Prescott admitted that the frustration wore on him, but he also was encouraged by messages from former Cowboys quarterbacks Troy Aikman and Roger Staubach.

"(Their message was) keep going," said Prescott, who completed 11 of 22 passes for 102 yards and two touchdowns. "Keep putting your head forward. That's the only thing really that you can do. The talk is going to be there, good or bad, so I am thankful for both those guys."

As critical as it was for the Cowboys to improve to 6-6, all they've done is give themselves a chance to remain optimistic about what could happen come January. They now enjoy a nine-day break before their next game, a road trip to face a New York Giants team (2-9) that has just benched starting quarterback Eli Manning. After that, the Cowboys will play Oakland (also on the road) and Seattle before meeting the Eagles in the season finale. They also will have Elliott back for those final two games.

There are a lot of things that still have to go right for Dallas to earn a playoff spot in the ultra-competitive NFC, where 10-6 might not be enough to secure a wild-card bid. At least the Cowboys have their heads back in the right place.
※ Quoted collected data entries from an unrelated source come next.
(* Consider optimization problem (P2) below, under the standing assumptions. Then every optimal solution $(\bar P_1^*,\bm u_1^*,\bar P_2^*,\bm u_2^* )$ of (P2) satisfies the incumbent rate constraint with equality: $$\mathbb{E}\big[\tilde R_1(\bar P_1^*,\bm u_1^*,\bar P_2^*,\bm u_2^* )\big]=\tau_1 .$$
   Context: Setting: two transmitters TX 1 (with $M_1$ antennas) and TX 2 (with $M_2$ antennas), and two single-antenna receivers RX 1, RX 2. For $i,j\in\{1,2\}$ the channel from TX $j$ to RX $i$ is $\bm h_{i,j}\sim\mathcal{CN}(\bm 0_{M_j},\mathbf R_{i,j})$, the four channel vectors being mutually independent, and each covariance $\mathbf R_{i,j}$ is Hermitian positive definite. For $i\in\{1,2\}$, $\bar i$ denotes the other index. The noise variance is $N_0>0$, the power budgets are $P_1^{\max}>0$, $P_2^{\max}>0$, and $\tau_1>0$ satisfies the feasibility condition $\mathbb{E}\big[\log_2\big(1+P_1^{\max}\|\bm h_{1,1}\|^2/N_0\big)\big]\ge\tau_1$. Problem (P2): the optimization variables are constants $\bar P_1\in[0,P_1^{\max}]$, $\bar P_2\in[0,P_2^{\max}]$ and beamformers $\bm u_1=\bm u_1(\bm h_{1,1})\in\mathbb C^{M_1}$, $\bm u_2=\bm u_2(\bm h_{2,2})\in\mathbb C^{M_2}$, where $\bm u_i$ is a measurable function of $\bm h_{i,i}$ only, with $\|\bm u_i\|=1$ almost surely. For $i\in\{1,2\}$ define $$\mathbb{E}\big[\tilde R_i(\bar P_1,\bm u_1,\bar P_2,\bm u_2)\big]=\mathbb{E}\left[\log_2\left(1+\frac{\bar P_i\,|\bm h_{i,i}^{H}\bm u_i|^2}{N_0+\bar P_{\bar i}\,\bm u_{\bar i}^{H}\mathbf R_{i,\bar i}\bm u_{\bar i}}\right)\right],$$ the expectation being over $\bm h_{1,1},\bm h_{2,2}$. Problem (P2) is: maximize $\mathbb{E}[\tilde R_2]$ subject to $\mathbb{E}[\tilde R_1]\ge\tau_1$, $0\le\bar P_1\le P_1^{\max}$, $0\le\bar P_2\le P_2^{\max}$, $\|\bm u_1\|=\|\bm u_2\|=1$. *)

theory Defs
  imports "HOL-Analysis.Analysis" "HOL-Probability.Probability"
begin

definition herm :: "complex^'m \<Rightarrow> complex^'m \<Rightarrow> complex" where
  "herm x y = (\<Sum>i\<in>UNIV. cnj (x$i) * y$i)"

definition qform :: "complex^'m^'m \<Rightarrow> complex^'m \<Rightarrow> complex" where
  "qform R x = herm x (R *v x)"

definition hermitian :: "complex^'m^'m \<Rightarrow> bool" where
  "hermitian R \<longleftrightarrow> (\<forall>i j. R$i$j = cnj (R$j$i))"

definition herm_pos_def :: "complex^'m^'m \<Rightarrow> bool" where
  "herm_pos_def R \<longleftrightarrow> hermitian R \<and>
     (\<forall>x. x \<noteq> 0 \<longrightarrow> Im (qform R x) = 0 \<and> Re (qform R x) > 0)"

text \<open>Circularly-symmetric complex Gaussian CN(0,R) on C^M (identified with R^(2M) with
  Lebesgue measure), given by its density  exp(-h^H R^-1 h) / (pi^M det R).\<close>
definition CN :: "complex^'m^'m \<Rightarrow> (complex^'m) measure" where
  "CN R = density lborel
     (\<lambda>h. ennreal (exp (- Re (qform (matrix_inv R) h)) / (pi ^ CARD('m) * Re (det R))))"

definition rate :: "real \<Rightarrow> real \<Rightarrow> complex^'n \<Rightarrow> complex^'n \<Rightarrow> real \<Rightarrow> complex^'k^'k \<Rightarrow> complex^'k \<Rightarrow> real" where
  "rate N0 P h u Pbar Rc ubar =
     log 2 (1 + P * (cmod (herm h u))\<^sup>2 / (N0 + Pbar * Re (qform Rc ubar)))"

definition ER1 :: "real \<Rightarrow> complex^'m1^'m1 \<Rightarrow> complex^'m2^'m2 \<Rightarrow> complex^'m2^'m2
    \<Rightarrow> real \<Rightarrow> (complex^'m1 \<Rightarrow> complex^'m1) \<Rightarrow> real \<Rightarrow> (complex^'m2 \<Rightarrow> complex^'m2) \<Rightarrow> ennreal" where
  "ER1 N0 R11 R22 R12 P1 u1 P2 u2 =
     (\<integral>\<^sup>+ hh. ennreal (rate N0 P1 (fst hh) (u1 (fst hh)) P2 R12 (u2 (snd hh)))
        \<partial>(CN R11 \<Otimes>\<^sub>M CN R22))"

definition ER2 :: "real \<Rightarrow> complex^'m1^'m1 \<Rightarrow> complex^'m2^'m2 \<Rightarrow> complex^'m1^'m1
    \<Rightarrow> real \<Rightarrow> (complex^'m1 \<Rightarrow> complex^'m1) \<Rightarrow> real \<Rightarrow> (complex^'m2 \<Rightarrow> complex^'m2) \<Rightarrow> ennreal" where
  "ER2 N0 R11 R22 R21 P1 u1 P2 u2 =
     (\<integral>\<^sup>+ hh. ennreal (rate N0 P2 (snd hh) (u2 (snd hh)) P1 R21 (u1 (fst hh)))
        \<partial>(CN R11 \<Otimes>\<^sub>M CN R22))"

definition feasible_P2 where
  "feasible_P2 N0 R11 R22 R12 P1max P2max \<tau>1 P1 u1 P2 u2 \<longleftrightarrow>
     0 \<le> P1 \<and> P1 \<le> P1max \<and> 0 \<le> P2 \<and> P2 \<le> P2max \<and>
     u1 \<in> borel_measurable borel \<and> u2 \<in> borel_measurable borel \<and>
     (AE h in CN R11. norm (u1 h) = 1) \<and> (AE h in CN R22. norm (u2 h) = 1) \<and>
     ER1 N0 R11 R22 R12 P1 u1 P2 u2 \<ge> ennreal \<tau>1"

definition optimal_P2 where
  "optimal_P2 N0 R11 R22 R12 R21 P1max P2max \<tau>1 P1 u1 P2 u2 \<longleftrightarrow>
     feasible_P2 N0 R11 R22 R12 P1max P2max \<tau>1 P1 u1 P2 u2 \<and>
     (\<forall>P1' u1' P2' u2'. feasible_P2 N0 R11 R22 R12 P1max P2max \<tau>1 P1' u1' P2' u2' \<longrightarrow>
        ER2 N0 R11 R22 R21 P1' u1' P2' u2' \<le> ER2 N0 R11 R22 R21 P1 u1 P2 u2)"

end

theory Submission
  imports Defs
begin

text \<open>Suppose an optimum left the incumbent constraint slack, \<open>E[R\<^sub>1] > \<tau>\<^sub>1\<close>.
  If \<open>E[R\<^sub>2] > 0\<close>, lowering \<open>P\<^sub>1\<close> slightly keeps \<open>E[R\<^sub>1] > \<tau>\<^sub>1\<close> (monotone convergence)
  and strictly lowers the interference at RX 2; since \<open>E[R\<^sub>2]\<close> is finite (the rate grows
  at most quadratically in \<open>\<parallel>h\<^sub>2\<^sub>2\<parallel>\<close>, whose Gaussian moments are finite), \<open>E[R\<^sub>2]\<close> strictly
  increases. If \<open>E[R\<^sub>2] = 0\<close>, TX 2 switches to the matched filter \<open>h\<^sub>2\<^sub>2/\<parallel>h\<^sub>2\<^sub>2\<parallel>\<close> with a power
  so small that \<open>E[R\<^sub>1] > \<tau>\<^sub>1\<close> persists, which makes \<open>E[R\<^sub>2]\<close> positive. Either way the
  point was not optimal.\<close>

section \<open>Gaussian integrals\<close>

lemma nn_integral_exp_neg_square_finite:
  fixes \<mu> :: real
  assumes "\<mu> > 0"
  shows "(\<integral>\<^sup>+t. ennreal (exp (- \<mu> * t\<^sup>2)) \<partial>lborel) < \<infinity>"
proof -
  define \<sigma> where "\<sigma> = sqrt (1 / (2 * \<mu>))"
  have \<sigma>: "\<sigma> > 0" and \<sigma>_sq: "2 * \<sigma>\<^sup>2 = 1 / \<mu>"
    using assms by (simp_all add: \<sigma>_def)
  define c where "c = sqrt (2 * pi * \<sigma>\<^sup>2)"
  have c: "c > 0" using \<sigma> by (simp add: c_def)
  have "exp (- \<mu> * t\<^sup>2) = c * normal_density 0 \<sigma> t" for t
    using c \<sigma> \<sigma>_sq assms by (simp add: normal_density_def c_def field_simps)
  then have "(\<integral>\<^sup>+t. ennreal (exp (- \<mu> * t\<^sup>2)) \<partial>lborel)
      = c * (\<integral>\<^sup>+t. ennreal (normal_density 0 \<sigma> t) \<partial>lborel)"
    using c by (simp add: ennreal_mult nn_integral_cmult)
  also have "(\<integral>\<^sup>+t. ennreal (normal_density 0 \<sigma> t) \<partial>lborel) = 1"
  proof -
    interpret prob_space "density lborel (normal_density 0 \<sigma>)"
      using \<sigma> by (rule prob_space_normal_density)
    show ?thesis using emeasure_space_1 by (simp add: emeasure_density)
  qed
  finally show ?thesis by simp
qed

lemma nn_integral_exp_neg_norm_square_finite:
  fixes \<mu> :: real
  assumes "\<mu> > 0"
  shows "(\<integral>\<^sup>+x. ennreal (exp (- \<mu> * (norm (x::'a::euclidean_space))\<^sup>2)) \<partial>lborel) < \<infinity>"
proof -
  have exp_norm: "exp (- \<mu> * (norm x)\<^sup>2) = (\<Prod>b\<in>Basis. exp (- \<mu> * (x \<bullet> b)\<^sup>2))" for x :: 'a
  proof -
    have "(norm x)\<^sup>2 = x \<bullet> x" by (rule power2_norm_eq_inner)
    also have "\<dots> = (\<Sum>b\<in>Basis. (x \<bullet> b)\<^sup>2)"
      by (simp add: euclidean_inner[of x x] power2_eq_square)
    finally show ?thesis by (simp add: exp_sum[symmetric] sum_distrib_left sum_negf)
  qed
  have "(\<integral>\<^sup>+x. (\<Prod>b\<in>(Basis::'a set). ennreal (exp (- \<mu> * (x \<bullet> b)\<^sup>2))) \<partial>lborel)
      = (\<Prod>b\<in>(Basis::'a set). (\<integral>\<^sup>+t. exp (- \<mu> * t\<^sup>2) \<partial>lborel))"
    by (rule nn_integral_lborel_prod) auto
  then have "(\<integral>\<^sup>+x. ennreal (exp (- \<mu> * (norm (x::'a))\<^sup>2)) \<partial>lborel)
      = (\<Prod>b\<in>(Basis::'a set). (\<integral>\<^sup>+t. exp (- \<mu> * t\<^sup>2) \<partial>lborel))"
    unfolding exp_norm by (simp add: prod_ennreal)
  also have "\<dots> < \<infinity>"
    using nn_integral_exp_neg_square_finite[OF assms] by (simp add: power_less_top_ennreal)
  finally show ?thesis .
qed

section \<open>Hermitian forms\<close>

lemma qform_zero [simp]: "qform M 0 = 0"
  by (simp add: qform_def herm_def)

lemma herm_scaleR_right: "herm h (c *\<^sub>R v) = of_real c * herm h v"
  unfolding herm_def
  by (simp only: vector_scaleR_component) (simp add: sum_distrib_left scaleR_conv_of_real mult_ac)

lemma herm_self: "herm h h = of_real ((norm h)\<^sup>2)"
proof -
  have "(norm h)\<^sup>2 = (\<Sum>i\<in>UNIV. (cmod (h$i))\<^sup>2)"
    by (simp add: norm_vec_def L2_set_def sum_nonneg)
  moreover have "cnj (h$i) * h$i = of_real ((cmod (h$i))\<^sup>2)" for i
    by (metis complex_norm_square mult.commute)
  ultimately show ?thesis unfolding herm_def by (simp only: of_real_sum)
qed

lemma norm_herm_sgn_self: "cmod (herm h (sgn h)) = norm h"
  by (cases "h = 0")
    (simp_all add: sgn_div_norm divide_inverse_commute herm_scaleR_right herm_self norm_mult
      norm_inverse power2_eq_square)

lemma norm_herm_le: "cmod (herm h u) \<le> norm h * norm u"
proof -
  have "cmod (herm h u) \<le> (\<Sum>i\<in>UNIV. \<bar>cmod (h$i)\<bar> * \<bar>cmod (u$i)\<bar>)"
    unfolding herm_def by (rule order_trans[OF norm_sum]) (simp add: norm_mult)
  also have "\<dots> \<le> L2_set (\<lambda>i. cmod (h$i)) UNIV * L2_set (\<lambda>i. cmod (u$i)) UNIV"
    by (rule L2_set_mult_ineq)
  finally show ?thesis by (simp add: norm_vec_def)
qed

lemma continuous_on_herm: "continuous_on UNIV (\<lambda>x::(complex^'n)\<times>(complex^'n). herm (fst x) (snd x))"
  unfolding herm_def by (intro continuous_intros)

lemma continuous_on_qform: "continuous_on UNIV (\<lambda>h. Re (qform M h))"
  unfolding qform_def herm_def matrix_vector_mult_def by (intro continuous_intros)

lemma borel_measurable_herm [measurable (raw)]:
  "f \<in> borel_measurable M \<Longrightarrow> g \<in> borel_measurable M \<Longrightarrow> (\<lambda>x. herm (f x) (g x)) \<in> borel_measurable M"
  by (rule borel_measurable_continuous_Pair[OF _ _ continuous_on_herm])

lemma borel_measurable_qform [measurable (raw)]:
  "f \<in> borel_measurable M \<Longrightarrow> (\<lambda>x. Re (qform R (f x))) \<in> borel_measurable M"
  using measurable_compose[OF _ borel_measurable_continuous_onI[OF continuous_on_qform]] by blast

lemma qform_scaleR: "qform M (c *\<^sub>R h) = of_real (c\<^sup>2) * qform M h"
proof -
  have mv: "M *v (c *\<^sub>R h) = c *\<^sub>R (M *v h)"
    unfolding vec_eq_iff matrix_vector_mult_def
    by (simp only: vec_lambda_beta vector_scaleR_component)
      (simp add: scaleR_conv_of_real sum_distrib_left mult.left_commute)
  have "qform M (c *\<^sub>R h) = (\<Sum>i\<in>UNIV. of_real (c\<^sup>2) * (cnj (h$i) * (M *v h)$i))"
    unfolding qform_def herm_def mv
    by (intro sum.cong refl) (simp only: vector_scaleR_component, simp add: scaleR_conv_of_real power2_eq_square)
  then show ?thesis by (simp add: qform_def herm_def sum_distrib_left)
qed

lemma hermitian_herm_mult_left:
  fixes R :: "complex^'m^'m"
  assumes "hermitian R"
  shows "herm (R *v y) y = herm y (R *v y)"
proof -
  have R: "cnj (R$i$j) = R$j$i" for i j
    using assms unfolding hermitian_def by (metis complex_cnj_cnj)
  have "herm (R *v y) y = (\<Sum>i\<in>UNIV. \<Sum>j\<in>UNIV. R$j$i * cnj (y$j) * y$i)"
    by (simp add: herm_def matrix_vector_mult_def sum_distrib_right R)
  also have "\<dots> = (\<Sum>j\<in>UNIV. \<Sum>i\<in>UNIV. R$j$i * cnj (y$j) * y$i)"
    by (rule sum.swap)
  also have "\<dots> = herm y (R *v y)"
    by (simp add: herm_def matrix_vector_mult_def sum_distrib_left mult_ac)
  finally show ?thesis .
qed

lemma herm_pos_def_qform_nonneg: "herm_pos_def R \<Longrightarrow> Re (qform R v) \<ge> 0"
  by (cases "v = 0") (auto simp: herm_pos_def_def intro: less_imp_le)

lemma herm_pos_def_qform_pos: "herm_pos_def R \<Longrightarrow> v \<noteq> 0 \<Longrightarrow> Re (qform R v) > 0"
  by (simp add: herm_pos_def_def)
"We saw before our eyes how to keep a team together," Cowboys owner Jerry Jones said. "I don't recommend it for anybody, but you have to walk out there and have that adversity and be shooting blanks. And do it about four times with turnovers. That's the kind of thing that gets you down. But that's why I compliment Dak and the way the defense has continued to make plays. That's the kind of stuff that turns a team around."

That much was evident from the way Dallas played Thursday. This was a game between two teams that found themselves in a similar dilemma, trying desperately to avoid a loss that would cripple their playoff hopes. One team left with their season in serious doubt. The other walked away feeling like it had been resurrected, with plenty of time left to accomplish even bigger things before this year ends.